Our butter love is spreading down to our kids too. Mr J asked if they still made margaine? He couldn't believe that despite its evilness it was still in the shops- I had to give him a lesson on our next supermarket trip- we looked at the ingredients and talked about what was 'food'- he couldn't believe that people still chose to eat marg. 

Then this morning we were talking about who we were catching up with on the weekend, I was explaining to Miss A about the friends we were seeing, ones we hadn't seen in a while, trying to jog her memory I reminded her of the last time we visited them, her question was 'were they the ones that ate margarine', I burst out laughing, yes our kids are butter lovers through and through and I doubt they will ever let their friends eat margarine either. 

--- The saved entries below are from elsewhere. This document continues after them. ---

lemma euler_sum_cong:
  assumes "\<And>u. u \<in> U \<Longrightarrow> w u = w' u" "\<And>u. u \<in> U \<Longrightarrow> z u = z' u"
  shows "euler_sum E \<beta> w U X c z = euler_sum E \<beta> w' U X c z'"
  unfolding euler_sum_def using assms
  by (intro sum.cong refl arg_cong2[where f = "(*)"] arg_cong[where f = of_nat] arg_cong2[where f = "(+)"]
      sum.cong prod.cong) auto

lemma euler_sum_dcut_cong:
  assumes "\<And>T. T \<subseteq> U \<Longrightarrow> dcut E (X \<union> T) = dcut E' (X' \<union> T)"
  shows "euler_sum E \<beta> w U X c z = euler_sum E' \<beta> w U X' c z"
  unfolding euler_sum_def using assms by (intro sum.cong) auto

lemma isCont_euler_sum_scaled:
  "isCont (\<lambda>l. euler_sum E \<beta> w U X c (\<lambda>u. complex_of_real l * z u)) l"
  unfolding euler_sum_def by (intro continuous_intros)

lemma euler_sum_insert2:
  assumes "finite U" "v1 \<notin> U" "v2 \<notin> U" "v1 \<noteq> v2"
  shows "euler_sum E \<beta> w (insert v1 (insert v2 U)) {} 0 z =
    euler_sum E \<beta> w U {} 0 z
    + euler_sum E \<beta> w U {v1} (w v1) z * z v1 ^ w v1
    + euler_sum E \<beta> w U {v2} (w v2) z * z v2 ^ w v2
    + euler_sum E \<beta> w U {v1, v2} (w v1 + w v2) z * z v1 ^ w v1 * z v2 ^ w v2"
proof -
  have "euler_sum E \<beta> w (insert v1 (insert v2 U)) {} 0 z =
      euler_sum E \<beta> w (insert v2 U) {} 0 z + euler_sum E \<beta> w (insert v2 U) {v1} (w v1) z * z v1 ^ w v1"
    using assms euler_sum_insert[of "insert v2 U" v1] by simp
  moreover have "euler_sum E \<beta> w (insert v2 U) {} 0 z =
      euler_sum E \<beta> w U {} 0 z + euler_sum E \<beta> w U {v2} (w v2) z * z v2 ^ w v2"
    using assms euler_sum_insert[of U v2] by simp
  moreover have "euler_sum E \<beta> w (insert v2 U) {v1} (w v1) z =
      euler_sum E \<beta> w U {v1} (w v1) z + euler_sum E \<beta> w U {v1, v2} (w v1 + w v2) z * z v2 ^ w v2"
    using assms euler_sum_insert[of U v2 E \<beta> w "{v1}"] by (simp add: insert_commute)
  ultimately show ?thesis
    by (simp add: distrib_right mult.assoc)
qed
(* Let $\varphi\colon M\rightarrow N$ be a homomorphism of monoids such that $N$ is locally finite and the trace $\mathrm{tr}_{\varphi}(n_1,n_2)$ is locally finite for all $n_1,n_2\in N$. Then $M$ is locally finite.
   Context: A monoid is locally finite if all its finitely generated submonoids are finite. For a monoid homomorphism $\varphi\colon M\to N$ and $(n_1,n_2)\in N\times N$, the trace $\mathrm{tr}_{\varphi}(n_1,n_2)$ is the quotient of the submonoid $\{m\in M\mid n_1\varphi(m)=n_1,\ \varphi(m)n_2=n_2\}$ of $M$ by the congruence $\equiv$ defined by $m\equiv m'$ if and only if $m_1mm_2=m_1m'm_2$ for all $m_1\in\varphi^{-1}(n_1)$ and all $m_2\in\varphi^{-1}(n_2)$. *)

theory Defs
  imports "HOL-Algebra.Group"
begin

definition gen_submonoid :: "('a, 'b) monoid_scheme \<Rightarrow> 'a set \<Rightarrow> 'a set" where
  "gen_submonoid G A = \<Inter> {H. submonoid H G \<and> A \<subseteq> H}"

definition locally_finite_monoid :: "('a, 'b) monoid_scheme \<Rightarrow> bool" where
  "locally_finite_monoid G \<longleftrightarrow>
     (\<forall>A. A \<subseteq> carrier G \<and> finite A \<longrightarrow> finite (gen_submonoid G A))"

definition monoid_hom :: "('a, 'c) monoid_scheme \<Rightarrow> ('b, 'd) monoid_scheme \<Rightarrow> ('a \<Rightarrow> 'b) set" where
  "monoid_hom M N = {f \<in> hom M N. f \<one>\<^bsub>M\<^esub> = \<one>\<^bsub>N\<^esub>}"

definition trace_set ::
  "('a \<Rightarrow> 'b) \<Rightarrow> ('a, 'c) monoid_scheme \<Rightarrow> ('b, 'd) monoid_scheme \<Rightarrow> 'b \<Rightarrow> 'b \<Rightarrow> 'a set" where
  "trace_set \<phi> M N n1 n2 =
     {m \<in> carrier M. n1 \<otimes>\<^bsub>N\<^esub> \<phi> m = n1 \<and> \<phi> m \<otimes>\<^bsub>N\<^esub> n2 = n2}"

definition trace_rel ::
  "('a \<Rightarrow> 'b) \<Rightarrow> ('a, 'c) monoid_scheme \<Rightarrow> ('b, 'd) monoid_scheme \<Rightarrow> 'b \<Rightarrow> 'b \<Rightarrow> ('a \<times> 'a) set" where
  "trace_rel \<phi> M N n1 n2 =
     {(m, m'). m \<in> trace_set \<phi> M N n1 n2 \<and> m' \<in> trace_set \<phi> M N n1 n2 \<and>
        (\<forall>m1 \<in> carrier M. \<forall>m2 \<in> carrier M. \<phi> m1 = n1 \<longrightarrow> \<phi> m2 = n2 \<longrightarrow>
           m1 \<otimes>\<^bsub>M\<^esub> m \<otimes>\<^bsub>M\<^esub> m2 = m1 \<otimes>\<^bsub>M\<^esub> m' \<otimes>\<^bsub>M\<^esub> m2)}"

text \<open>Elements are equivalence classes; the product of two classes is the class of the
  product of representatives (given as the union over all representatives, which is a
  single class since the relation is a congruence).\<close>
definition trace_monoid ::
  "('a \<Rightarrow> 'b) \<Rightarrow> ('a, 'c) monoid_scheme \<Rightarrow> ('b, 'd) monoid_scheme \<Rightarrow> 'b \<Rightarrow> 'b \<Rightarrow> 'a set monoid" where
  "trace_monoid \<phi> M N n1 n2 =
     \<lparr> carrier = trace_set \<phi> M N n1 n2 // trace_rel \<phi> M N n1 n2,
       mult = (\<lambda>X Y. \<Union> {trace_rel \<phi> M N n1 n2 `` {x \<otimes>\<^bsub>M\<^esub> y} | x y. x \<in> X \<and> y \<in> Y}),
       one = trace_rel \<phi> M N n1 n2 `` {\<one>\<^bsub>M\<^esub>} \<rparr>"

end

theory Submission
  imports Defs
begin

text \<open>
  Let A be a finite subset of M and T the finite submonoid of N generated by \<phi>(A). Cutting a word
  over A at each position and mapping both halves by \<phi> gives a path of pairs in T \<times> T. We show,
  by induction on a finite set P of pairs, that the maps (x, y) \<mapsto> x m y on the fibres over
  (p, q), for m the value of a word whose path (bordered by p and q) stays in P, are finitely many.
  A word whose path starts at (p, r) is cut at its returns to (p, r) into first-return segments
  followed by a tail that never returns. Both avoid (p, r) in their interior, so the induction
  hypothesis bounds the tails and the trace classes of the segments; the latter generate a finite
  submonoid of the locally finite trace of (p, r), and a class together with the tail determines
  the map of the whole word. For p = q = 1 and P = T \<times> T this bounds the submonoid generated by A.
\<close>

definition word_prod :: "('a, 'b) monoid_scheme \<Rightarrow> 'a list \<Rightarrow> 'a" where
  "word_prod G w = foldr (\<lambda>a b. a \<otimes>\<^bsub>G\<^esub> b) w \<one>\<^bsub>G\<^esub>"

lemma word_prod_Nil [simp]: "word_prod G [] = \<one>\<^bsub>G\<^esub>"
  by (simp add: word_prod_def)

lemma word_prod_Cons [simp]: "word_prod G (a # w) = a \<otimes>\<^bsub>G\<^esub> word_prod G w"
  by (simp add: word_prod_def)

lemma word_prod_in_submonoid:
  assumes "submonoid H G" "set w \<subseteq> H"
  shows "word_prod G w \<in> H"
  using assms(2) by (induction w) (auto intro: submonoid.one_closed[OF assms(1)] submonoid.m_closed[OF assms(1)])

lemma word_prod_in_gen_submonoid: "w \<in> lists A \<Longrightarrow> word_prod G w \<in> gen_submonoid G A"
  unfolding gen_submonoid_def by (auto intro: word_prod_in_submonoid)

context monoid
begin

lemma word_prod_closed [intro, simp]: "set w \<subseteq> carrier G \<Longrightarrow> word_prod G w \<in> carrier G"
  by (induction w) auto

lemma word_prod_append:
  "set u \<subseteq> carrier G \<Longrightarrow> set v \<subseteq> carrier G \<Longrightarrow>
    word_prod G (u @ v) = word_prod G u \<otimes> word_prod G v"
  by (induction u) (auto simp: m_assoc)

lemma word_prod_concat:
  "set (concat ws) \<subseteq> carrier G \<Longrightarrow> word_prod G (concat ws) = word_prod G (map (word_prod G) ws)"
  by (induction ws) (auto simp: word_prod_append)

lemma gen_submonoid_subset_word_prods:
  assumes "A \<subseteq> carrier G"
  shows "gen_submonoid G A \<subseteq> word_prod G ` lists A"
  unfolding gen_submonoid_def
proof (rule Inter_lower, safe)
  show "submonoid (word_prod G ` lists A) G"
  proof
    show "word_prod G ` lists A \<subseteq> carrier G" using assms by auto
    show "\<one> \<in> word_prod G ` lists A" by (force intro: image_eqI[of _ _ "[]"])
  next
    fix x y assume "x \<in> word_prod G ` lists A" "y \<in> word_prod G ` lists A"
    then obtain u v where "x = word_prod G u" "y = word_prod G v" "u \<in> lists A" "v \<in> lists A" by auto
    moreover have "set u \<subseteq> carrier G" "set v \<subseteq> carrier G"
      using \<open>u \<in> lists A\<close> \<open>v \<in> lists A\<close> assms by auto
    ultimately show "x \<otimes> y \<in> word_prod G ` lists A"
      by (auto intro!: image_eqI[of _ _ "u @ v"] simp: word_prod_append)
  qed
  fix a assume "a \<in> A"
  then show "a \<in> word_prod G ` lists A" using assms by (force intro: image_eqI[of _ _ "[a]"])
qed

end

locale monoid_morphism = M: monoid M + N: monoid N
  for M :: "('a, 'c) monoid_scheme" and N :: "('b, 'd) monoid_scheme" +
  fixes \<phi> :: "'a \<Rightarrow> 'b"
  assumes morphism: "\<phi> \<in> monoid_hom M N"
begin

lemma hom_closed [intro, simp]: "x \<in> carrier M \<Longrightarrow> \<phi> x \<in> carrier N"
  using morphism unfolding monoid_hom_def hom_def by auto

lemma hom_mult [simp]: "x \<in> carrier M \<Longrightarrow> y \<in> carrier M \<Longrightarrow> \<phi> (x \<otimes>\<^bsub>M\<^esub> y) = \<phi> x \<otimes>\<^bsub>N\<^esub> \<phi> y"
  using morphism unfolding monoid_hom_def hom_def by auto

lemma hom_one [simp]: "\<phi> \<one>\<^bsub>M\<^esub> = \<one>\<^bsub>N\<^esub>"
  using morphism unfolding monoid_hom_def by auto

lemma hom_word_prod: "set w \<subseteq> carrier M \<Longrightarrow> \<phi> (word_prod M w) = word_prod N (map \<phi> w)"
  by (induction w) auto

definition fibre :: "'b \<Rightarrow> 'a set" where
  "fibre p = {x \<in> carrier M. \<phi> x = p}"

definition sandwich :: "'b \<Rightarrow> 'b \<Rightarrow> 'a \<Rightarrow> 'a \<times> 'a \<Rightarrow> 'a" where
  "sandwich p q m = restrict (\<lambda>(x, y). x \<otimes>\<^bsub>M\<^esub> m \<otimes>\<^bsub>M\<^esub> y) (fibre p \<times> fibre q)"

definition left_shift :: "'b \<Rightarrow> 'b \<Rightarrow> 'a \<Rightarrow> ('a \<times> 'a \<Rightarrow> 'a) \<Rightarrow> 'a \<times> 'a \<Rightarrow> 'a" where
  "left_shift p q a F = restrict (\<lambda>(x, y). F (x \<otimes>\<^bsub>M\<^esub> a, y)) (fibre p \<times> fibre q)"

definition right_shift :: "'b \<Rightarrow> 'b \<Rightarrow> 'a \<Rightarrow> ('a \<times> 'a \<Rightarrow> 'a) \<Rightarrow> 'a \<times> 'a \<Rightarrow> 'a" where
  "right_shift p q b F = restrict (\<lambda>(x, y). F (x, b \<otimes>\<^bsub>M\<^esub> y)) (fibre p \<times> fibre q)"

lemma sandwich_mult_left:
  assumes "a \<in> carrier M" "m \<in> carrier M"
  shows "sandwich p q (a \<otimes>\<^bsub>M\<^esub> m) = left_shift p q a (sandwich (p \<otimes>\<^bsub>N\<^esub> \<phi> a) q m)"
  unfolding sandwich_def left_shift_def
  by (rule restrict_ext) (auto simp: fibre_def assms M.m_assoc)

lemma sandwich_mult_right:
  assumes "b \<in> carrier M" "m \<in> carrier M"
  shows "sandwich p q (m \<otimes>\<^bsub>M\<^esub> b) = right_shift p q b (sandwich p (\<phi> b \<otimes>\<^bsub>N\<^esub> q) m)"
  unfolding sandwich_def right_shift_def
  by (rule restrict_ext) (auto simp: fibre_def assms M.m_assoc)
(* If $A$ is a coherent $\mathbb{Z}$-algebra, then the sequence $(P_i)_{i\in\mathbb{Z}}$ in the abelian category $\operatorname{coh}A$ is a coherent sequence.
   Context: $k$ is a fixed field. A $\mathbb{Z}$-algebra is an associative $k$-algebra $A=\bigoplus_{i\le j}A_{ij}$ with $A_{ii}=k$, only nonzero products $A_{jk}\otimes A_{ij}\to A_{ik}$, units acting as identity, $\dim A_{ij}<\infty$. An $A$-module is a graded right module $M=\bigoplus_iM_i$ with action $M_j\otimes A_{ij}\to M_i$. $P_j=\bigoplus_iA_{ij}$; $S_j$ is $k$ in degree $j$ and $0$ elsewhere; $\mathcal{P}$ = finite direct sums of $P_j$'s. $M$ is finitely generated if a quotient of some $P\in\mathcal{P}$; coherent if finitely generated and every kernel of a map $P\to M$, $P\in\mathcal{P}$, is finitely generated. $\operatorname{coh}A$ is the (abelian) full subcategory of coherent modules. $A$ is coherent if all $P_j$, $S_j$ are coherent. For a sequence $(E_i)$ in an abelian $k$-linear category $\mathcal{C}$ (with $\dim\operatorname{Hom}(E_i,X)<\infty$ for all $X$): it is projective if for every surjection $X\to Y$ there is $n$ such that $\operatorname{Hom}(E_i,X)\to\operatorname{Hom}(E_i,Y)$ is surjective for $i<n$; a projective sequence is coherent if for every $X\in\mathcal{C}$ and $m\in\mathbb{Z}$ there are $i_1,\dots,i_s\le m$ such that $\bigoplus_j\operatorname{Hom}(E_{i_j},X)\otimes\operatorname{Hom}(E_i,E_{i_j})\to\operatorname{Hom}(E_i,X)$ is surjective for $i\ll0$. *)

theory Defs
  imports Main
begin

text \<open>All graded pieces (of the Z-algebra and of its modules) are realised as
k-subspaces of the ambient k-vector space of functions nat \<Rightarrow> 'k, with pointwise
operations.  Every finite-dimensional k-space embeds there.\<close>

type_synonym 'k vec = "nat \<Rightarrow> 'k"

definition vzero :: "'k::field vec" where
  "vzero = (\<lambda>_. 0)"

definition vadd :: "'k::field vec \<Rightarrow> 'k vec \<Rightarrow> 'k vec" where
  "vadd v w = (\<lambda>n. v n + w n)"

definition vscale :: "'k::field \<Rightarrow> 'k vec \<Rightarrow> 'k vec" where
  "vscale c v = (\<lambda>n. c * v n)"

definition vsum :: "('a \<Rightarrow> 'k::field vec) \<Rightarrow> 'a set \<Rightarrow> 'k vec" where
  "vsum f S = (\<lambda>n. \<Sum>x\<in>S. f x n)"

definition is_subspace :: "'k::field vec set \<Rightarrow> bool" where
  "is_subspace S \<longleftrightarrow> vzero \<in> S \<and> (\<forall>v\<in>S. \<forall>w\<in>S. vadd v w \<in> S)
      \<and> (\<forall>c v. v \<in> S \<longrightarrow> vscale c v \<in> S)"

definition lspan :: "'k::field vec set \<Rightarrow> 'k vec set" where
  "lspan B = {vsum (\<lambda>b. vscale (c b) b) B' | c B'. finite B' \<and> B' \<subseteq> B}"

definition fin_dim :: "'k::field vec set \<Rightarrow> bool" where
  "fin_dim S \<longleftrightarrow> (\<exists>B. finite B \<and> B \<subseteq> S \<and> lspan B = S)"

definition linear_on :: "'k::field vec set \<Rightarrow> 'k vec set \<Rightarrow> ('k vec \<Rightarrow> 'k vec) \<Rightarrow> bool" where
  "linear_on S T f \<longleftrightarrow> (\<forall>v\<in>S. f v \<in> T)
      \<and> (\<forall>v\<in>S. \<forall>w\<in>S. f (vadd v w) = vadd (f v) (f w))
      \<and> (\<forall>c. \<forall>v\<in>S. f (vscale c v) = vscale c (f v))"

definition bilinear_on :: "'k::field vec set \<Rightarrow> 'k vec set \<Rightarrow> 'k vec set
      \<Rightarrow> ('k vec \<Rightarrow> 'k vec \<Rightarrow> 'k vec) \<Rightarrow> bool" where
  "bilinear_on S T U g \<longleftrightarrow> (\<forall>v\<in>S. linear_on T U (g v)) \<and> (\<forall>w\<in>T. linear_on S U (\<lambda>v. g v w))"

text \<open>Asp A i j is the graded piece A_ij (meaningful for i \<le> j, zero otherwise);
amul A i j l a b is the product a b for a \<in> A_jl, b \<in> A_ij, lying in A_il
(the product A_jl \<otimes> A_ij \<rightarrow> A_il); aone A i is the unit e_i of A_ii.\<close>

record 'k zalg =
  Asp :: "int \<Rightarrow> int \<Rightarrow> 'k vec set"
  amul :: "int \<Rightarrow> int \<Rightarrow> int \<Rightarrow> 'k vec \<Rightarrow> 'k vec \<Rightarrow> 'k vec"
  aone :: "int \<Rightarrow> 'k vec"

definition is_zalg :: "('k::field) zalg \<Rightarrow> bool" where
  "is_zalg A \<longleftrightarrow>
     (\<forall>i j. is_subspace (Asp A i j) \<and> fin_dim (Asp A i j))
   \<and> (\<forall>i j. j < i \<longrightarrow> Asp A i j = {vzero})
   \<and> (\<forall>i. aone A i \<noteq> vzero \<and> Asp A i i = lspan {aone A i})
   \<and> (\<forall>i j l. bilinear_on (Asp A j l) (Asp A i j) (Asp A i l) (amul A i j l))
   \<and> (\<forall>i j l p c a b. c \<in> Asp A l p \<longrightarrow> a \<in> Asp A j l \<longrightarrow> b \<in> Asp A i j \<longrightarrow>
         amul A i l p c (amul A i j l a b) = amul A i j p (amul A j l p c a) b)
   \<and> (\<forall>i j a. a \<in> Asp A i j \<longrightarrow>
         amul A i i j a (aone A i) = a \<and> amul A i j j (aone A j) a = a)"

text \<open>Msp M i is M_i; mact M i j m a is m a for m \<in> M_j, a \<in> A_ij, lying in M_i.\<close>

record 'k zmod =
  Msp :: "int \<Rightarrow> 'k vec set"
  mact :: "int \<Rightarrow> int \<Rightarrow> 'k vec \<Rightarrow> 'k vec \<Rightarrow> 'k vec"

definition is_module :: "('k::field) zalg \<Rightarrow> 'k zmod \<Rightarrow> bool" where
  "is_module A M \<longleftrightarrow>
     (\<forall>i. is_subspace (Msp M i))
   \<and> (\<forall>i j. bilinear_on (Msp M j) (Asp A i j) (Msp M i) (mact M i j))
   \<and> (\<forall>i m. m \<in> Msp M i \<longrightarrow> mact M i i m (aone A i) = m)
   \<and> (\<forall>i l j m a b. m \<in> Msp M j \<longrightarrow> a \<in> Asp A l j \<longrightarrow> b \<in> Asp A i l \<longrightarrow>
         mact M i l (mact M l j m a) b = mact M i j m (amul A i l j a b))"

text \<open>Module homomorphisms (degree-preserving, A-linear); extensional: zero off the
carrier, so that Hom is a genuine set of morphisms.\<close>

definition is_hom :: "('k::field) zalg \<Rightarrow> 'k zmod \<Rightarrow> 'k zmod \<Rightarrow> (int \<Rightarrow> 'k vec \<Rightarrow> 'k vec) \<Rightarrow> bool" where
  "is_hom A M N f \<longleftrightarrow>
     (\<forall>i. linear_on (Msp M i) (Msp N i) (f i))
   \<and> (\<forall>i j m a. m \<in> Msp M j \<longrightarrow> a \<in> Asp A i j \<longrightarrow> f i (mact M i j m a) = mact N i j (f j m) a)
   \<and> (\<forall>i v. v \<notin> Msp M i \<longrightarrow> f i v = vzero)"

definition Hom :: "('k::field) zalg \<Rightarrow> 'k zmod \<Rightarrow> 'k zmod \<Rightarrow> (int \<Rightarrow> 'k vec \<Rightarrow> 'k vec) set" where
  "Hom A M N = {f. is_hom A M N f}"

definition hcomp :: "(int \<Rightarrow> 'k vec \<Rightarrow> 'k vec) \<Rightarrow> (int \<Rightarrow> 'k vec \<Rightarrow> 'k vec) \<Rightarrow> (int \<Rightarrow> 'k vec \<Rightarrow> 'k vec)" where
  "hcomp g h = (\<lambda>i v. g i (h i v))"

definition surj_hom :: "('k::field) zalg \<Rightarrow> 'k zmod \<Rightarrow> 'k zmod \<Rightarrow> (int \<Rightarrow> 'k vec \<Rightarrow> 'k vec) \<Rightarrow> bool" where
  "surj_hom A M N f \<longleftrightarrow> is_hom A M N f \<and> (\<forall>i. f i ` Msp M i = Msp N i)"

definition Pmod :: "('k::field) zalg \<Rightarrow> int \<Rightarrow> 'k zmod" where
  "Pmod A j = \<lparr>Msp = (\<lambda>i. Asp A i j), mact = (\<lambda>i l m a. amul A i l j m a)\<rparr>"

definition e0 :: "'k::field vec" where
  "e0 = (\<lambda>n. if n = 0 then 1 else 0)"

text \<open>S_j: k in degree j, zero elsewhere; A_jj = k e_j acts via k, all else by zero.\<close>
definition Smod :: "('k::field) zalg \<Rightarrow> int \<Rightarrow> 'k zmod" where
  "Smod A j = \<lparr>Msp = (\<lambda>i. if i = j then lspan {e0} else {vzero}),
               mact = (\<lambda>i l m a. if i = j \<and> l = j
                          then vscale (THE c. a = vscale c (aone A j)) m else vzero)\<rparr>"

text \<open>Finite direct sum of a list of modules; the components are interleaved
coordinatewise into nat \<Rightarrow> 'k.\<close>
definition intl :: "nat \<Rightarrow> (nat \<Rightarrow> 'k::field vec) \<Rightarrow> 'k vec" where
  "intl s a = (\<lambda>n. if s = 0 then 0 else a (n mod s) (n div s))"

definition comp_of :: "nat \<Rightarrow> 'k vec \<Rightarrow> nat \<Rightarrow> 'k vec" where
  "comp_of s v t = (\<lambda>q. v (q * s + t))"

definition dsum :: "('k::field) zmod list \<Rightarrow> 'k zmod" where
  "dsum Ms = \<lparr>Msp = (\<lambda>i. {intl (length Ms) a | a. \<forall>t<length Ms. a t \<in> Msp (Ms ! t) i}),
              mact = (\<lambda>i j v b. intl (length Ms)
                        (\<lambda>t. mact (Ms ! t) i j (comp_of (length Ms) v t) b))\<rparr>"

I even dream about butter. The other night I dreamt that I was having an altercation with a man who wasn't very friendly, we were having stern words and the worst insult I came out with was 'and I bet you eat margarine!' Yep, get 'em where it hurts! Perhaps I'm telling you too much, you don't really need to know what goes on in my head, but you've been warned, don't be mean about butter- butter is your friend, just like I'm yours- please ditch the marg and help your friends do the same.

NOTE- Any butter is better than margarine, but preferably choose organic butter that is grass-fed. In our house we can't afford to eat the quantity of organic butter that we would like, so we've found that the next best thing is the Westgold butter from Woolies. It's grass-fed butter from NZ and at only $2 a block it keeps us within budget.

Also, products like Nuttelex are still a nasty concoction of chemicals, there is no 'good' margarine option. If you need to avoid dairy then use avocado instead.

If I haven't convinced you on the 'spread-ability' factor yet, you can make your own spreadable butter by blitzing up a block of butter with 1/2 cup of good quality, non-hydrogenated oil. Voila, problem solved!